(Collected data)
[Start of Attachment]

lemma kz_in_lattice: "j < CARD('n) \<Longrightarrow> b j \<in> L"
  and kz_not_in_span: "j < CARD('n) \<Longrightarrow> b j \<notin> span (b ` {..<j})"
  and kz_minimal: "j < CARD('n) \<Longrightarrow> x \<in> L \<Longrightarrow> x \<notin> span (b ` {..<j}) \<Longrightarrow>
                     norm (gram_schmidt b j) \<le> norm (perp (b ` {..<j}) x)"
  and kz_size_reduced: "j < CARD('n) \<Longrightarrow> size_reduced b j (b j)"
  using reduced[of j] unfolding kz_reduced_at_def by auto

lemma kz_gram_schmidt_nonzero: "i < CARD('n) \<Longrightarrow> gram_schmidt b i \<noteq> 0"
  using kz_not_in_span by (simp add: gram_schmidt_def perp_eq_0_iff)

lemma kz_independent: "inj_on b {..<CARD('n)} \<and> independent (b ` {..<CARD('n)})"
  using independent_if_not_in_span_prefix[of 0 "CARD('n)" b] kz_not_in_span
  by (simp add: lessThan_atLeast0)

text \<open>Otherwise subtracting \<open>\<lfloor>t\<rfloor> *\<^sub>R b i\<close> from \<open>x\<close> would give a lattice vector whose
  component orthogonal to \<open>b ` {..<i}\<close> is \<open>frac t *\<^sub>R gram_schmidt b i\<close>, contradicting minimality.\<close>
lemma kz_coefficient_integer:
  assumes i: "i < CARD('n)" and x: "x \<in> L" and t: "x - t *\<^sub>R b i \<in> span (b ` {..<i})"
  shows "t \<in> \<int>"
proof (rule ccontr)
  assume "t \<notin> \<int>"
  then have fr: "0 < frac t" "frac t < 1"
    using frac_ge_0[of t] frac_lt_1[of t] frac_eq_0_iff[of t] by linarith+
  let ?V = "b ` {..<i}" and ?s = "gram_schmidt b i" and ?x' = "x - of_int \<lfloor>t\<rfloor> *\<^sub>R b i"
  have "perp ?V x = t *\<^sub>R ?s"
    using t by (simp add: perp_eq_0_iff[symmetric] perp_diff perp_scaleR gram_schmidt_def)
  then have px': "perp ?V ?x' = frac t *\<^sub>R ?s"
    by (simp add: perp_diff perp_scaleR gram_schmidt_def frac_def scaleR_diff_left)
  have "?x' \<in> L"
    using lattice_diff[OF lattice x lattice_of_int_scaleR[OF lattice kz_in_lattice[OF i]]] .
  moreover have "?x' \<notin> span ?V"
    using px' fr kz_gram_schmidt_nonzero[OF i] by (simp add: perp_eq_0_iff[symmetric])
  ultimately have "norm ?s \<le> norm (perp ?V ?x')" by (rule kz_minimal[OF i])
  also have "\<dots> = frac t * norm ?s" using px' fr by simp
  finally show False
    using fr kz_gram_schmidt_nonzero[OF i] by (simp add: mult_le_cancel_right1)
qed

lemma kz_lattice_int_span:
  assumes "i \<le> CARD('n)" "x \<in> L" "x \<in> span (b ` {..<i})"
  shows "\<exists>c. x = (\<Sum>l<i. of_int (c l) *\<^sub>R b l)"
  using assms
proof (induction i arbitrary: x)
  case (Suc i)
  have i: "i < CARD('n)" using Suc.prems by simp
  have "b ` {..<Suc i} = insert (b i) (b ` {..<i})" by (simp add: lessThan_Suc)
  then obtain t where t: "x - t *\<^sub>R b i \<in> span (b ` {..<i})"
    using Suc.prems(3) span_breakdown_eq by metis
  then obtain k where k: "t = of_int k"
    using kz_coefficient_integer[OF i Suc.prems(2)] Ints_cases by metis
  have "x - of_int k *\<^sub>R b i \<in> L"
    using lattice_diff[OF lattice Suc.prems(2) lattice_of_int_scaleR[OF lattice kz_in_lattice[OF i]]] .
  then obtain c where c: "x - of_int k *\<^sub>R b i = (\<Sum>l<i. of_int (c l) *\<^sub>R b l)"
    using Suc.IH Suc.prems t k by auto
  have "(\<Sum>l<i. of_int ((c(i := k)) l) *\<^sub>R b l) = (\<Sum>l<i. of_int (c l) *\<^sub>R b l)"
    by (rule sum.cong) auto
  then have "x = (\<Sum>l<Suc i. of_int ((c(i := k)) l) *\<^sub>R b l)"
    using c by (simp add: algebra_simps)
  then show ?case by blast
qed simp

lemma kz_lattice_basis: "lattice_basis L b"
proof -
  have "span (b ` {..<CARD('n)}) = UNIV"
    using span_image_lessThan_eq_UNIV kz_independent by blast
  then have "L \<subseteq> {(\<Sum>j<CARD('n). of_int (c j) *\<^sub>R b j) | c. True}"
    using kz_lattice_int_span[of "CARD('n)"] by blast
  moreover have "{(\<Sum>j<CARD('n). of_int (c j) *\<^sub>R b j) | c. True} \<subseteq> L"
    using lattice_sum_of_int[OF lattice] kz_in_lattice by auto
  ultimately show ?thesis unfolding lattice_basis_def using kz_independent by blast
qed

lemma kz_first_shortest: "x \<in> L \<Longrightarrow> x \<noteq> 0 \<Longrightarrow> norm (b 0) \<le> norm x"
proof -
  have "perp {} z = z" for z :: "real^'n" by (rule perp_self) (simp add: orthogonal_def)
  then show "x \<in> L \<Longrightarrow> x \<noteq> 0 \<Longrightarrow> norm (b 0) \<le> norm x"
    using kz_minimal[of 0 x] by (simp add: gram_schmidt_def)
qed

lemma kz_norm_le_gram_schmidt_add_sum:
  "j < CARD('n) \<Longrightarrow> norm (b j) \<le> norm (gram_schmidt b j) + (\<Sum>l<j. norm (b l))"
  using norm_le_if_size_reduced[OF kz_size_reduced] by (simp add: gram_schmidt_def)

[End of Attachment]

**WHAT IS BEING ASKED**
Word for word, return each of the entries.

**TASK SOLUTION**
lemma kz_in_lattice: "j < CARD('n) \<Longrightarrow> b j \<in> L"
  and kz_not_in_span: "j < CARD('n) \<Longrightarrow> b j \<notin> span (b ` {..<j})"
  and kz_minimal: "j < CARD('n) \<Longrightarrow> x \<in> L \<Longrightarrow> x \<notin> span (b ` {..<j}) \<Longrightarrow>
                     norm (gram_schmidt b j) \<le> norm (perp (b ` {..<j}) x)"
  and kz_size_reduced: "j < CARD('n) \<Longrightarrow> size_reduced b j (b j)"
  using reduced[of j] unfolding kz_reduced_at_def by auto

lemma kz_gram_schmidt_nonzero: "i < CARD('n) \<Longrightarrow> gram_schmidt b i \<noteq> 0"
  using kz_not_in_span by (simp add: gram_schmidt_def perp_eq_0_iff)

lemma kz_independent: "inj_on b {..<CARD('n)} \<and> independent (b ` {..<CARD('n)})"
  using independent_if_not_in_span_prefix[of 0 "CARD('n)" b] kz_not_in_span
  by (simp add: lessThan_atLeast0)

text \<open>Otherwise subtracting \<open>\<lfloor>t\<rfloor> *\<^sub>R b i\<close> from \<open>x\<close> would give a lattice vector whose
  component orthogonal to \<open>b ` {..<i}\<close> is \<open>frac t *\<^sub>R gram_schmidt b i\<close>, contradicting minimality.\<close>
lemma kz_coefficient_integer:
  assumes i: "i < CARD('n)" and x: "x \<in> L" and t: "x - t *\<^sub>R b i \<in> span (b ` {..<i})"
  shows "t \<in> \<int>"
proof (rule ccontr)
  assume "t \<notin> \<int>"
  then have fr: "0 < frac t" "frac t < 1"
    using frac_ge_0[of t] frac_lt_1[of t] frac_eq_0_iff[of t] by linarith+
  let ?V = "b ` {..<i}" and ?s = "gram_schmidt b i" and ?x' = "x - of_int \<lfloor>t\<rfloor> *\<^sub>R b i"
  have "perp ?V x = t *\<^sub>R ?s"
    using t by (simp add: perp_eq_0_iff[symmetric] perp_diff perp_scaleR gram_schmidt_def)
  then have px': "perp ?V ?x' = frac t *\<^sub>R ?s"
    by (simp add: perp_diff perp_scaleR gram_schmidt_def frac_def scaleR_diff_left)
  have "?x' \<in> L"
    using lattice_diff[OF lattice x lattice_of_int_scaleR[OF lattice kz_in_lattice[OF i]]] .
  moreover have "?x' \<notin> span ?V"
    using px' fr kz_gram_schmidt_nonzero[OF i] by (simp add: perp_eq_0_iff[symmetric])
  ultimately have "norm ?s \<le> norm (perp ?V ?x')" by (rule kz_minimal[OF i])
  also have "\<dots> = frac t * norm ?s" using px' fr by simp
  finally show False
    using fr kz_gram_schmidt_nonzero[OF i] by (simp add: mult_le_cancel_right1)
qed

lemma kz_lattice_int_span:
  assumes "i \<le> CARD('n)" "x \<in> L" "x \<in> span (b ` {..<i})"
  shows "\<exists>c. x = (\<Sum>l<i. of_int (c l) *\<^sub>R b l)"
  using assms
proof (induction i arbitrary: x)
  case (Suc i)
  have i: "i < CARD('n)" using Suc.prems by simp
  have "b ` {..<Suc i} = insert (b i) (b ` {..<i})" by (simp add: lessThan_Suc)
  then obtain t where t: "x - t *\<^sub>R b i \<in> span (b ` {..<i})"
    using Suc.prems(3) span_breakdown_eq by metis
  then obtain k where k: "t = of_int k"
    using kz_coefficient_integer[OF i Suc.prems(2)] Ints_cases by metis
  have "x - of_int k *\<^sub>R b i \<in> L"
    using lattice_diff[OF lattice Suc.prems(2) lattice_of_int_scaleR[OF lattice kz_in_lattice[OF i]]] .
  then obtain c where c: "x - of_int k *\<^sub>R b i = (\<Sum>l<i. of_int (c l) *\<^sub>R b l)"
    using Suc.IH Suc.prems t k by auto
  have "(\<Sum>l<i. of_int ((c(i := k)) l) *\<^sub>R b l) = (\<Sum>l<i. of_int (c l) *\<^sub>R b l)"
    by (rule sum.cong) auto
  then have "x = (\<Sum>l<Suc i. of_int ((c(i := k)) l) *\<^sub>R b l)"
    using c by (simp add: algebra_simps)
  then show ?case by blast
qed simp

lemma kz_lattice_basis: "lattice_basis L b"
proof -
  have "span (b ` {..<CARD('n)}) = UNIV"
    using span_image_lessThan_eq_UNIV kz_independent by blast
  then have "L \<subseteq> {(\<Sum>j<CARD('n). of_int (c j) *\<^sub>R b j) | c. True}"
    using kz_lattice_int_span[of "CARD('n)"] by blast
  moreover have "{(\<Sum>j<CARD('n). of_int (c j) *\<^sub>R b j) | c. True} \<subseteq> L"
    using lattice_sum_of_int[OF lattice] kz_in_lattice by auto
  ultimately show ?thesis unfolding lattice_basis_def using kz_independent by blast
qed

lemma kz_first_shortest: "x \<in> L \<Longrightarrow> x \<noteq> 0 \<Longrightarrow> norm (b 0) \<le> norm x"
proof -
  have "perp {} z = z" for z :: "real^'n" by (rule perp_self) (simp add: orthogonal_def)
  then show "x \<in> L \<Longrightarrow> x \<noteq> 0 \<Longrightarrow> norm (b 0) \<le> norm x"
    using kz_minimal[of 0 x] by (simp add: gram_schmidt_def)
qed

lemma kz_norm_le_gram_schmidt_add_sum:
  "j < CARD('n) \<Longrightarrow> norm (b j) \<le> norm (gram_schmidt b j) + (\<Sum>l<j. norm (b l))"
  using norm_le_if_size_reduced[OF kz_size_reduced] by (simp add: gram_schmidt_def)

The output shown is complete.